WHAT YOU NEED TO DO
Within these entries, which lines include the string "intyZ"? Copy each one.

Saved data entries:
>>>

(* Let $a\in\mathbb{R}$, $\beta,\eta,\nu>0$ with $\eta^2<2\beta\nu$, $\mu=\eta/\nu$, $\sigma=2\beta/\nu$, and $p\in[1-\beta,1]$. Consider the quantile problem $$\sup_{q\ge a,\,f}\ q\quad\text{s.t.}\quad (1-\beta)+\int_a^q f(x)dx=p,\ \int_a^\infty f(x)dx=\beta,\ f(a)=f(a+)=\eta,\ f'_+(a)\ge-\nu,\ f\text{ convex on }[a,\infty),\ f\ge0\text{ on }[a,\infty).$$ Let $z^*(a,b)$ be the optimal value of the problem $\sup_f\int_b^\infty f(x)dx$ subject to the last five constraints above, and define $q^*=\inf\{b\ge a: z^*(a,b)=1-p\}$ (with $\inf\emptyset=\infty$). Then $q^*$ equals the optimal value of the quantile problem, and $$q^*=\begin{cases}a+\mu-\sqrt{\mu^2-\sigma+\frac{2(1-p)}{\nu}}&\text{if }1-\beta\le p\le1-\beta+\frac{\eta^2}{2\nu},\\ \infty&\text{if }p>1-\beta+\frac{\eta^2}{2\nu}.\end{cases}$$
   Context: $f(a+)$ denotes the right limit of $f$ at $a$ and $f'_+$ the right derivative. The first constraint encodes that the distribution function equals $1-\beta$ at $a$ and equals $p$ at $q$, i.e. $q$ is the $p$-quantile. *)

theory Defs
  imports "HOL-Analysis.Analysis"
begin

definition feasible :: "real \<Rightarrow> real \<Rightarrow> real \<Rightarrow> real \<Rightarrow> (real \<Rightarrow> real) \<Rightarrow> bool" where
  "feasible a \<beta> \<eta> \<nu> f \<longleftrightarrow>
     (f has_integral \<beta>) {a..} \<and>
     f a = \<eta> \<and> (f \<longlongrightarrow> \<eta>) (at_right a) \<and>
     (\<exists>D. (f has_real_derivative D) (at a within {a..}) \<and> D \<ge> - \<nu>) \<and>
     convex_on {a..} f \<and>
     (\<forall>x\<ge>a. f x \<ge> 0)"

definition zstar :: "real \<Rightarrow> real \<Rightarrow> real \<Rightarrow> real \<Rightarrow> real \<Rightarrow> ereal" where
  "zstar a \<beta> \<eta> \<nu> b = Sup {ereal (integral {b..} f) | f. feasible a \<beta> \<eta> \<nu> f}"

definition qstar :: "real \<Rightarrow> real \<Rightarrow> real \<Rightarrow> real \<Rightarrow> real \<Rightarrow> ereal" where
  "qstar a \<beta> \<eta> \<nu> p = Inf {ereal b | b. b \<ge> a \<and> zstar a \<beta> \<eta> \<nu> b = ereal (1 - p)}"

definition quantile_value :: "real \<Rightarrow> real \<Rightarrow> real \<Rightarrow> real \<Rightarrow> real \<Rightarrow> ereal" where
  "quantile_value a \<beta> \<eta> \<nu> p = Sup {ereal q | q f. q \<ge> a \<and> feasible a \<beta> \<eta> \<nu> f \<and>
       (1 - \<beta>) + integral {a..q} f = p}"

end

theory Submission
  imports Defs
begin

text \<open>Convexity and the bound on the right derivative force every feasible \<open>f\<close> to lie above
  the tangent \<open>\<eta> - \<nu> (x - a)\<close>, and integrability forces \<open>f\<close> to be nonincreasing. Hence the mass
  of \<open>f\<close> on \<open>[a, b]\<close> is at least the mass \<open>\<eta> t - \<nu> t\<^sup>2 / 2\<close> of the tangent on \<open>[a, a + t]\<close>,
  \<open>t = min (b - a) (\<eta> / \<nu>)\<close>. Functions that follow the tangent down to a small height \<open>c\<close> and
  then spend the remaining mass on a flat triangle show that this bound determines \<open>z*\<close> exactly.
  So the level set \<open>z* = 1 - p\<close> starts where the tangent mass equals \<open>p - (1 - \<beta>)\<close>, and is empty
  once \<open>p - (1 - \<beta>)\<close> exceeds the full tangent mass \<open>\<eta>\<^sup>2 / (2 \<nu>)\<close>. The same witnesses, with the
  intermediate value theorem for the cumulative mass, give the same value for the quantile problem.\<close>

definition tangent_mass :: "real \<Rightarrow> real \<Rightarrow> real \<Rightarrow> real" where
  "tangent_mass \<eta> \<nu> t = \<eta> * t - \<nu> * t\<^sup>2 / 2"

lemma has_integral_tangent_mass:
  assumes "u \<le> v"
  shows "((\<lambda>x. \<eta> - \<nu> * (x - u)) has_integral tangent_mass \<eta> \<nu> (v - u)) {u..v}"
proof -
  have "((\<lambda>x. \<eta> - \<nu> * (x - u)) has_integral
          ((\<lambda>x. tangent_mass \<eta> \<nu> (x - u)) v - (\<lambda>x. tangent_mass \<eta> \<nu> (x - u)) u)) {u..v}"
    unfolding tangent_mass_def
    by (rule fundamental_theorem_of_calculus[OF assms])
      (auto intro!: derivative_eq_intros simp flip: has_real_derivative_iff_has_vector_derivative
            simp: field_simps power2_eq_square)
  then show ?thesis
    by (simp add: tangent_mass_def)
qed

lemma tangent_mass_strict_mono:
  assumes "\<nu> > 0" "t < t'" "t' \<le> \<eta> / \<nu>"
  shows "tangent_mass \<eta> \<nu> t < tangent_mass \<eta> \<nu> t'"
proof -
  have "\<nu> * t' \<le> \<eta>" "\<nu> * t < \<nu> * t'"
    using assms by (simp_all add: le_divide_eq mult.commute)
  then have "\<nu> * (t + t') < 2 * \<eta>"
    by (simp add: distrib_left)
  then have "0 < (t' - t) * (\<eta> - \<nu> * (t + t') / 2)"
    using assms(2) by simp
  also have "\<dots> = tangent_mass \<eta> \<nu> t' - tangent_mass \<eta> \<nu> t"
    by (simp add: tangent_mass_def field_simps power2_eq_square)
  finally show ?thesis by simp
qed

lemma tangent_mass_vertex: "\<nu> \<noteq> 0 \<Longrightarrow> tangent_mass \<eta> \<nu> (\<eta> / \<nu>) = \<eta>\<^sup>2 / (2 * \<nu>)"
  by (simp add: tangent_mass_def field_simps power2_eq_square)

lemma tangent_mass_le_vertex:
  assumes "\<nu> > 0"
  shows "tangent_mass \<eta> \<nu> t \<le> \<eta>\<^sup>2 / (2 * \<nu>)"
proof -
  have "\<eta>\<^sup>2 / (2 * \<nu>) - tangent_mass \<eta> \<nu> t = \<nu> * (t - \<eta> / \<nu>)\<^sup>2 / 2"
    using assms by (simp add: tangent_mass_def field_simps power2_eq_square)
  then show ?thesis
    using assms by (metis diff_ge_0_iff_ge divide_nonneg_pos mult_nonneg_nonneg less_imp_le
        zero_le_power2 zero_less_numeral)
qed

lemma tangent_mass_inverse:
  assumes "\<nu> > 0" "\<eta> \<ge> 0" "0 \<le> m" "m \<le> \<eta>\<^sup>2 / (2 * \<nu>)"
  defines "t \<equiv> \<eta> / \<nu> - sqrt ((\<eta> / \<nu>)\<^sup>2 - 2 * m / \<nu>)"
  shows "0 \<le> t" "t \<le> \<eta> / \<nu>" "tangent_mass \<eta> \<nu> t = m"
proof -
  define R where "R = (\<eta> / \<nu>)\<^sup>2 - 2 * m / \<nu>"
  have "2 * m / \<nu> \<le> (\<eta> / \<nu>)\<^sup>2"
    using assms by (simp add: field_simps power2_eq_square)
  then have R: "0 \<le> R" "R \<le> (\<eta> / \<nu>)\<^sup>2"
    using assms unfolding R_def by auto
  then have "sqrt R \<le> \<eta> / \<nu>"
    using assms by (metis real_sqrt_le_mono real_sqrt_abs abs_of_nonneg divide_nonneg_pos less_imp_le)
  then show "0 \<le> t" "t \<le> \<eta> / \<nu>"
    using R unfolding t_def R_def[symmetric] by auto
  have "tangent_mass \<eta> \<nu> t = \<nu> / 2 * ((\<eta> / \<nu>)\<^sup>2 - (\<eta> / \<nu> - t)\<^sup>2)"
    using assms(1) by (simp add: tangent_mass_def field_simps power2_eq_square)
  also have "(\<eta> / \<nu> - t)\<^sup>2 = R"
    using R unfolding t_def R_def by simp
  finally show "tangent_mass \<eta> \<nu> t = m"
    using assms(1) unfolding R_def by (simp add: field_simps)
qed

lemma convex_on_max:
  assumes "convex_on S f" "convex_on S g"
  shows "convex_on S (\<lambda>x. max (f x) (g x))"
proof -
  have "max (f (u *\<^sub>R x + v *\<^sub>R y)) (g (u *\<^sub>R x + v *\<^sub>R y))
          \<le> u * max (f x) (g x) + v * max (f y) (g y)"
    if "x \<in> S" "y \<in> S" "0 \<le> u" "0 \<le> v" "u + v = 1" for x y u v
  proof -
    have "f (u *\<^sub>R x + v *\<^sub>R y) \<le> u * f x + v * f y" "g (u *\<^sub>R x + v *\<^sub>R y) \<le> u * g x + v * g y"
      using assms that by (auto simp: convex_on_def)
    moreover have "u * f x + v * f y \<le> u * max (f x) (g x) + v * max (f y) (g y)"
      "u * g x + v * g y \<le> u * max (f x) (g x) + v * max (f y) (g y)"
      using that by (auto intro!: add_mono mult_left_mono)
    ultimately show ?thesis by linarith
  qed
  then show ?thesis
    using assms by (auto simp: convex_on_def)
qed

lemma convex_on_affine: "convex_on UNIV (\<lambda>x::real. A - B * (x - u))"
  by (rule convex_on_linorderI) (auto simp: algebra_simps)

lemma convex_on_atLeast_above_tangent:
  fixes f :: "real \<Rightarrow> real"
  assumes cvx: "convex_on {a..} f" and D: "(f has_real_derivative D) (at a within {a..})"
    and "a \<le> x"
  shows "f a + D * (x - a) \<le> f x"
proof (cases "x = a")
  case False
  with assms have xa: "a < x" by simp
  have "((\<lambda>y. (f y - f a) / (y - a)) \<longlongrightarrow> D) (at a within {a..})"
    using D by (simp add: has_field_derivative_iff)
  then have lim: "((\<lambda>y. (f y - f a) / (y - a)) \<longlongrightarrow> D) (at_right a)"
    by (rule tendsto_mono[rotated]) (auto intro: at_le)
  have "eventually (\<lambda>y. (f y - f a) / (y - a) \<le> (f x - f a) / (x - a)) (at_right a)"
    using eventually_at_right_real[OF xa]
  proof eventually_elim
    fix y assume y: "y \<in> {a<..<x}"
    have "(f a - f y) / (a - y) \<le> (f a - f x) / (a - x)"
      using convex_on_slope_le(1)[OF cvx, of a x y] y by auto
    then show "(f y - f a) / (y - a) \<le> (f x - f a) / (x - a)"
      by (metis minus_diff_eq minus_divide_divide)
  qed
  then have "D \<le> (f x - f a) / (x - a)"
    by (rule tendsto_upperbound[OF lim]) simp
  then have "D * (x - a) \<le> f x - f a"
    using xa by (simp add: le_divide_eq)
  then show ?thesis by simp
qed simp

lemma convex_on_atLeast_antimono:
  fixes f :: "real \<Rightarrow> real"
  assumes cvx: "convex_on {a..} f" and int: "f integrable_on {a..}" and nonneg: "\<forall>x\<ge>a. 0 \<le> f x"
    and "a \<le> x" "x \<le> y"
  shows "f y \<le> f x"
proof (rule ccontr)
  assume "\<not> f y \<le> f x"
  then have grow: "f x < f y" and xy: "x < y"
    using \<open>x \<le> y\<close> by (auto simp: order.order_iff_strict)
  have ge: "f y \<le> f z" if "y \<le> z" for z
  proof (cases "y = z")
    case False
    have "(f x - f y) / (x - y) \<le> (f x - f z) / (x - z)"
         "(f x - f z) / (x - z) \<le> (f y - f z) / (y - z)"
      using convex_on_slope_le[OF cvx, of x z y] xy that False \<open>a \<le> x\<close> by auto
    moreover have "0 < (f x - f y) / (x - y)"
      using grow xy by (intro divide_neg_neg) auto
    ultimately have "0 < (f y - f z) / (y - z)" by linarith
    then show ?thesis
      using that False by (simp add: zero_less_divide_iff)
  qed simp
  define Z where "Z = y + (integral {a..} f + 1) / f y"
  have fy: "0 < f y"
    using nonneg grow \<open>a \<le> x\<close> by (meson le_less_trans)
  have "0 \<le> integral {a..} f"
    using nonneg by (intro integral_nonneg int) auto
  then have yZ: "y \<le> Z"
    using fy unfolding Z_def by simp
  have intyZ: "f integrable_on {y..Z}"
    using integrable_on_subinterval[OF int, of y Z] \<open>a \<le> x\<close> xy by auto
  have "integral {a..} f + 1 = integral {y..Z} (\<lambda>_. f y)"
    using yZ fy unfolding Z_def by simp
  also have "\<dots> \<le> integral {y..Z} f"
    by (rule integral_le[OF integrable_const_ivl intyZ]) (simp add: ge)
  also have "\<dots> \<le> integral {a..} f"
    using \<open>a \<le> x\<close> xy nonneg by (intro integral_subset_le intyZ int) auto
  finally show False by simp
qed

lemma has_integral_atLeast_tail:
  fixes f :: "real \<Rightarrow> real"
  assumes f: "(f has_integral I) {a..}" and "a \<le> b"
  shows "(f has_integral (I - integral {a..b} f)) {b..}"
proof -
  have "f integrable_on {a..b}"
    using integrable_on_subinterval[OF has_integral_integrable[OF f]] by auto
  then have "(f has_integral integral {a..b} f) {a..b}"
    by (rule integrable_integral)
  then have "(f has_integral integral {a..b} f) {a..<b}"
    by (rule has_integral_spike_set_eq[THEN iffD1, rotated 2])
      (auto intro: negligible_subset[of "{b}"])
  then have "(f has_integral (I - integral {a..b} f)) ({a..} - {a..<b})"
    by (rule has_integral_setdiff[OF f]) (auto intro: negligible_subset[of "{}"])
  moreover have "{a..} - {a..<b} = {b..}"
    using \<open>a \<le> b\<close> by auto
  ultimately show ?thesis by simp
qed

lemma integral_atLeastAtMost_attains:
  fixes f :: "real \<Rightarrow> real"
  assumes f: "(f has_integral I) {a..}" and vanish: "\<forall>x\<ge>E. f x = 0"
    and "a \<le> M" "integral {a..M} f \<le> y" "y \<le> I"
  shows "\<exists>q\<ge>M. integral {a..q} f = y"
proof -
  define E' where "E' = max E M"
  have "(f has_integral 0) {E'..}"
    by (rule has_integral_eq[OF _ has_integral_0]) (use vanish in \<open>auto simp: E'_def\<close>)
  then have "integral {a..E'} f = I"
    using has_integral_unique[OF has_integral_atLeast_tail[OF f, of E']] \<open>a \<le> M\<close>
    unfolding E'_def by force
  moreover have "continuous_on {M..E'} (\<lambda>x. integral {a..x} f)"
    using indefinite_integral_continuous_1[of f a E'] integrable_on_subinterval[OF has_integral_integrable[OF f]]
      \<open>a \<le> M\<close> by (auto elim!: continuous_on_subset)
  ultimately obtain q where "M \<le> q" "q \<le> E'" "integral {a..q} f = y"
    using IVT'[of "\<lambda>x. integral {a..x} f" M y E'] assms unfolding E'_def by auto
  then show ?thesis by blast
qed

<<<
>>>

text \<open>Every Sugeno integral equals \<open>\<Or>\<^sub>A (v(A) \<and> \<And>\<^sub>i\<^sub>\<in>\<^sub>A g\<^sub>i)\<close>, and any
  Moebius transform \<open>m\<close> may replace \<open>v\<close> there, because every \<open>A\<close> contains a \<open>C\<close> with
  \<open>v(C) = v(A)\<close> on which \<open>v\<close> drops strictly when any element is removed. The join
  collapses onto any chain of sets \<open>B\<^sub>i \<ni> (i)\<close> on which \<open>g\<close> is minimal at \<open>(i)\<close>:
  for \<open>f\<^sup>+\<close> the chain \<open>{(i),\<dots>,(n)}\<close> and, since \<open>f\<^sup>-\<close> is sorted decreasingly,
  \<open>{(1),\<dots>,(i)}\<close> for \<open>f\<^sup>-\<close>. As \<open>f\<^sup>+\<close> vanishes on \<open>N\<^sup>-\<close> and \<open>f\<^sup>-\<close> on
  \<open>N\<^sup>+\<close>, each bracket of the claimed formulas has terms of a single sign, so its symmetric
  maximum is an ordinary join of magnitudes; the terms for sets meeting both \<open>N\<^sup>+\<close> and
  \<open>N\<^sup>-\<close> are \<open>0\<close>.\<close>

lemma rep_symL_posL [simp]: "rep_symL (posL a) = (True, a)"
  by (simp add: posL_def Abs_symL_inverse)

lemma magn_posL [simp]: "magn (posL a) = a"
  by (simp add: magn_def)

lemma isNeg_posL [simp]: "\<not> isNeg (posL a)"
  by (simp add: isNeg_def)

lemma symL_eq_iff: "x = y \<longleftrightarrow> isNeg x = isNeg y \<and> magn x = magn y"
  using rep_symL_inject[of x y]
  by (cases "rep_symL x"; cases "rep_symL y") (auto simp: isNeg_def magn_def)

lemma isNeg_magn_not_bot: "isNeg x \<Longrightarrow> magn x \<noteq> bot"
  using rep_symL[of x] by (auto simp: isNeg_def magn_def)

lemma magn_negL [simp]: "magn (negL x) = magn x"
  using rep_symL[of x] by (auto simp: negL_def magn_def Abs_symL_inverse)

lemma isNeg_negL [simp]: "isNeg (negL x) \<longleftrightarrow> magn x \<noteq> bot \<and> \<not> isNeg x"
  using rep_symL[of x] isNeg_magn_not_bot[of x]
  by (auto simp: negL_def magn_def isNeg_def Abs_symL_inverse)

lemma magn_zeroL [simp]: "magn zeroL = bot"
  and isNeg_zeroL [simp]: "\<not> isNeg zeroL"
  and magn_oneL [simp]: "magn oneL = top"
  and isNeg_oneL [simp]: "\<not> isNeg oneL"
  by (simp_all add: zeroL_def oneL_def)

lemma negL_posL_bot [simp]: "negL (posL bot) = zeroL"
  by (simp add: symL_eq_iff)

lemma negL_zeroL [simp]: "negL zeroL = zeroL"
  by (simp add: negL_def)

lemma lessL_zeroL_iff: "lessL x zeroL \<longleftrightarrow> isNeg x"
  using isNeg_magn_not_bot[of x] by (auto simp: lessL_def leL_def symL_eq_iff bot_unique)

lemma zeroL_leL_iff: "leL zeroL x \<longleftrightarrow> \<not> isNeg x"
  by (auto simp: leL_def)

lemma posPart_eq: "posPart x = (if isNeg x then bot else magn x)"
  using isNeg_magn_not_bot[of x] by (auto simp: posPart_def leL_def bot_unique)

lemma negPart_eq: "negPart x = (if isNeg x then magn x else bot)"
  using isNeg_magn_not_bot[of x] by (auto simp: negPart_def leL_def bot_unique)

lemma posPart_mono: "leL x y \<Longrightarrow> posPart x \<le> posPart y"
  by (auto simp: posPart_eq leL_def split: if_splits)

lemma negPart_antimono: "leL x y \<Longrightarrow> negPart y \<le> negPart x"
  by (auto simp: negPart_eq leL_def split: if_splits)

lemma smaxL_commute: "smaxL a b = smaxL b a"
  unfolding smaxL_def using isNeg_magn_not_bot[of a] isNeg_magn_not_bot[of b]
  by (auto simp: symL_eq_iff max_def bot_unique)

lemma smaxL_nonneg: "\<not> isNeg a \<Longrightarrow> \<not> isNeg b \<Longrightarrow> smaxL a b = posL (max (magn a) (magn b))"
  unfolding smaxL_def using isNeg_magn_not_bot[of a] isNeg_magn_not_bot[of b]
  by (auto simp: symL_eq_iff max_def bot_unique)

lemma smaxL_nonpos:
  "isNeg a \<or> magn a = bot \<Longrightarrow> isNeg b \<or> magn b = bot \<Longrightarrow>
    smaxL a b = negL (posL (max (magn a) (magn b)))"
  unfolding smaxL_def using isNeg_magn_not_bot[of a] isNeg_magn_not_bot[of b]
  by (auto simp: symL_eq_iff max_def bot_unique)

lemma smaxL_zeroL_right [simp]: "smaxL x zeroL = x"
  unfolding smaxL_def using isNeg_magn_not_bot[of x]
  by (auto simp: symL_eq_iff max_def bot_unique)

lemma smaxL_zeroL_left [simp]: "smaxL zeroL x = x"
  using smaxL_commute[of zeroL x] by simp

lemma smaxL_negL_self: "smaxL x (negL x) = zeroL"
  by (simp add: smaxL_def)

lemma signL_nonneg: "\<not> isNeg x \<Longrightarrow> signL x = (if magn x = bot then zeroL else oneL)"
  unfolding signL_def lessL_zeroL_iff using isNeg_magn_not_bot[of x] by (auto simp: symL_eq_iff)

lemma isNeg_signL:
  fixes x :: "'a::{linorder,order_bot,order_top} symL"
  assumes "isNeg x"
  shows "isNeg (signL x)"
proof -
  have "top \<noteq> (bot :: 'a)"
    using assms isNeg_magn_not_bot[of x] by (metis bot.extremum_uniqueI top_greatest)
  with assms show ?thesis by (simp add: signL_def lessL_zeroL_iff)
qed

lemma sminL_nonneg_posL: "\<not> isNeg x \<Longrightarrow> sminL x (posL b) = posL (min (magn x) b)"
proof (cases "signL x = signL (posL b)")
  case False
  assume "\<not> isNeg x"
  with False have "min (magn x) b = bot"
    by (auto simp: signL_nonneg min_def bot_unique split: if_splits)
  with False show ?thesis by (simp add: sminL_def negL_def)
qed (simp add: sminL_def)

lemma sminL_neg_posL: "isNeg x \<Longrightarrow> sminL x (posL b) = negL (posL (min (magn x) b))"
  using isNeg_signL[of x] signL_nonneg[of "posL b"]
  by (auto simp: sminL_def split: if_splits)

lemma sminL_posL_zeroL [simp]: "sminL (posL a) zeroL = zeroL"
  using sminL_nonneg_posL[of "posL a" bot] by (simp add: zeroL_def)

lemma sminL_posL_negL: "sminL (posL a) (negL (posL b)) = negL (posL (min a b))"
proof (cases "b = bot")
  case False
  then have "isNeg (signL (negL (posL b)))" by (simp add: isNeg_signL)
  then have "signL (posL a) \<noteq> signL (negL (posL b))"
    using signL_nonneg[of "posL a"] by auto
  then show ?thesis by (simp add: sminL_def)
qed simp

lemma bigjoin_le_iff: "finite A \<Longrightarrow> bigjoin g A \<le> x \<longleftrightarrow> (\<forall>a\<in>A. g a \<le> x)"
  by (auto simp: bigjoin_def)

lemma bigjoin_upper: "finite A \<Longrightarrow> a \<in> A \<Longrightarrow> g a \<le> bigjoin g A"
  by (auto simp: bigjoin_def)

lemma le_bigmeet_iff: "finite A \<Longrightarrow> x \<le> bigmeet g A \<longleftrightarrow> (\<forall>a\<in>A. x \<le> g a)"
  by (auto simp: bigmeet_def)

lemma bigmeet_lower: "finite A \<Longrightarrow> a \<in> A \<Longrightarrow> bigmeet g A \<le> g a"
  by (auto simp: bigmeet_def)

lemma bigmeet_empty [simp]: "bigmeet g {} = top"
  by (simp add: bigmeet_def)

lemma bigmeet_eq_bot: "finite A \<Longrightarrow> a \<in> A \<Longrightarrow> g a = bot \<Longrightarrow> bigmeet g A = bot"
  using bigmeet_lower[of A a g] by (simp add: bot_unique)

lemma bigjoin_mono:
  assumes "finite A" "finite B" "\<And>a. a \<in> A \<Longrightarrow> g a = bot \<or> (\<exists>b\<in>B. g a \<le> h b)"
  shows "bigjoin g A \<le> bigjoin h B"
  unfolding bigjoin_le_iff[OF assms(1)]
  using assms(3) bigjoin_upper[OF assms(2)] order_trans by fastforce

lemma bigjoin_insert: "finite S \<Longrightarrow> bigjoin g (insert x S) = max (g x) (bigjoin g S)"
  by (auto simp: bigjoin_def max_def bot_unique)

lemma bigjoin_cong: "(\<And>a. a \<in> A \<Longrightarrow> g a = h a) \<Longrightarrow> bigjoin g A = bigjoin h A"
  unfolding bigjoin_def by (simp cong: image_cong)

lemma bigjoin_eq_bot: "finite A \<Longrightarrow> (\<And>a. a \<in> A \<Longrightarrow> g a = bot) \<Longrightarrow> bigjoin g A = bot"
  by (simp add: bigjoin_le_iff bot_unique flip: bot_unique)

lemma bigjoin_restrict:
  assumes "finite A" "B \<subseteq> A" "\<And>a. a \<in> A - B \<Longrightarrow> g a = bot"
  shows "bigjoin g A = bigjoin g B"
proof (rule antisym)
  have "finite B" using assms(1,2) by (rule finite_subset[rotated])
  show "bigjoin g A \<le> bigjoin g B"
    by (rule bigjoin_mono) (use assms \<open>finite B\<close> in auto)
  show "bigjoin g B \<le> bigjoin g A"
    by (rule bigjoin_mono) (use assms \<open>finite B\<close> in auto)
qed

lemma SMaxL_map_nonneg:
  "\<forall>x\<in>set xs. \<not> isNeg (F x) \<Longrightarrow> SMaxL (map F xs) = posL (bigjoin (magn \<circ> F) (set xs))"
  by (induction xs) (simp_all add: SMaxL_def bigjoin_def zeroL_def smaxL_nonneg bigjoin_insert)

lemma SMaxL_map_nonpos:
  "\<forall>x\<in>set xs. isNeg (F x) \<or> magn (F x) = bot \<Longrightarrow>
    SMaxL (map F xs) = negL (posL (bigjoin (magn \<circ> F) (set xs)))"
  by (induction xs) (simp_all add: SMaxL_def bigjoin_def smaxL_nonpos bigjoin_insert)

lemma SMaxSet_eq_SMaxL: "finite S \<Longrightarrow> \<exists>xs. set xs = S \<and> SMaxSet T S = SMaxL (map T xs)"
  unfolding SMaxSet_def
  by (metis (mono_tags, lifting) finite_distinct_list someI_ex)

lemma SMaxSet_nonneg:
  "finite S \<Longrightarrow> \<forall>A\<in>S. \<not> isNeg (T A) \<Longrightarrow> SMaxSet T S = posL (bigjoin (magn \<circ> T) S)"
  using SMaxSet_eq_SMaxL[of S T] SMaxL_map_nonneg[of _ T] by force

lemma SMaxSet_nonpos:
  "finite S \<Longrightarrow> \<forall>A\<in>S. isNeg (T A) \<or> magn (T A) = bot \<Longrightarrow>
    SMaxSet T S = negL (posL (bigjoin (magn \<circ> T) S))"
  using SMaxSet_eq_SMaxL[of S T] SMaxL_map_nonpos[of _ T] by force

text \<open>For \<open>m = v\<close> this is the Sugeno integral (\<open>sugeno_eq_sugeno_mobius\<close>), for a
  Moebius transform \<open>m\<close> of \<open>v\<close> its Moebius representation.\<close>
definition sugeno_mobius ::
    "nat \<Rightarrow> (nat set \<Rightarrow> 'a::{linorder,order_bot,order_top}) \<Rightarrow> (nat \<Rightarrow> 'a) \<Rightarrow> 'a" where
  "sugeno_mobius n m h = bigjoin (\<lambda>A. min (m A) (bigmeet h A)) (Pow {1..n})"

<<<

REPLY TO THE EXERCISE
  have intyZ: "f integrable_on {y..Z}"
    by (rule integral_le[OF integrable_const_ivl intyZ]) (simp add: ge)
    using \<open>a \<le> x\<close> xy nonneg by (intro integral_subset_le intyZ int) auto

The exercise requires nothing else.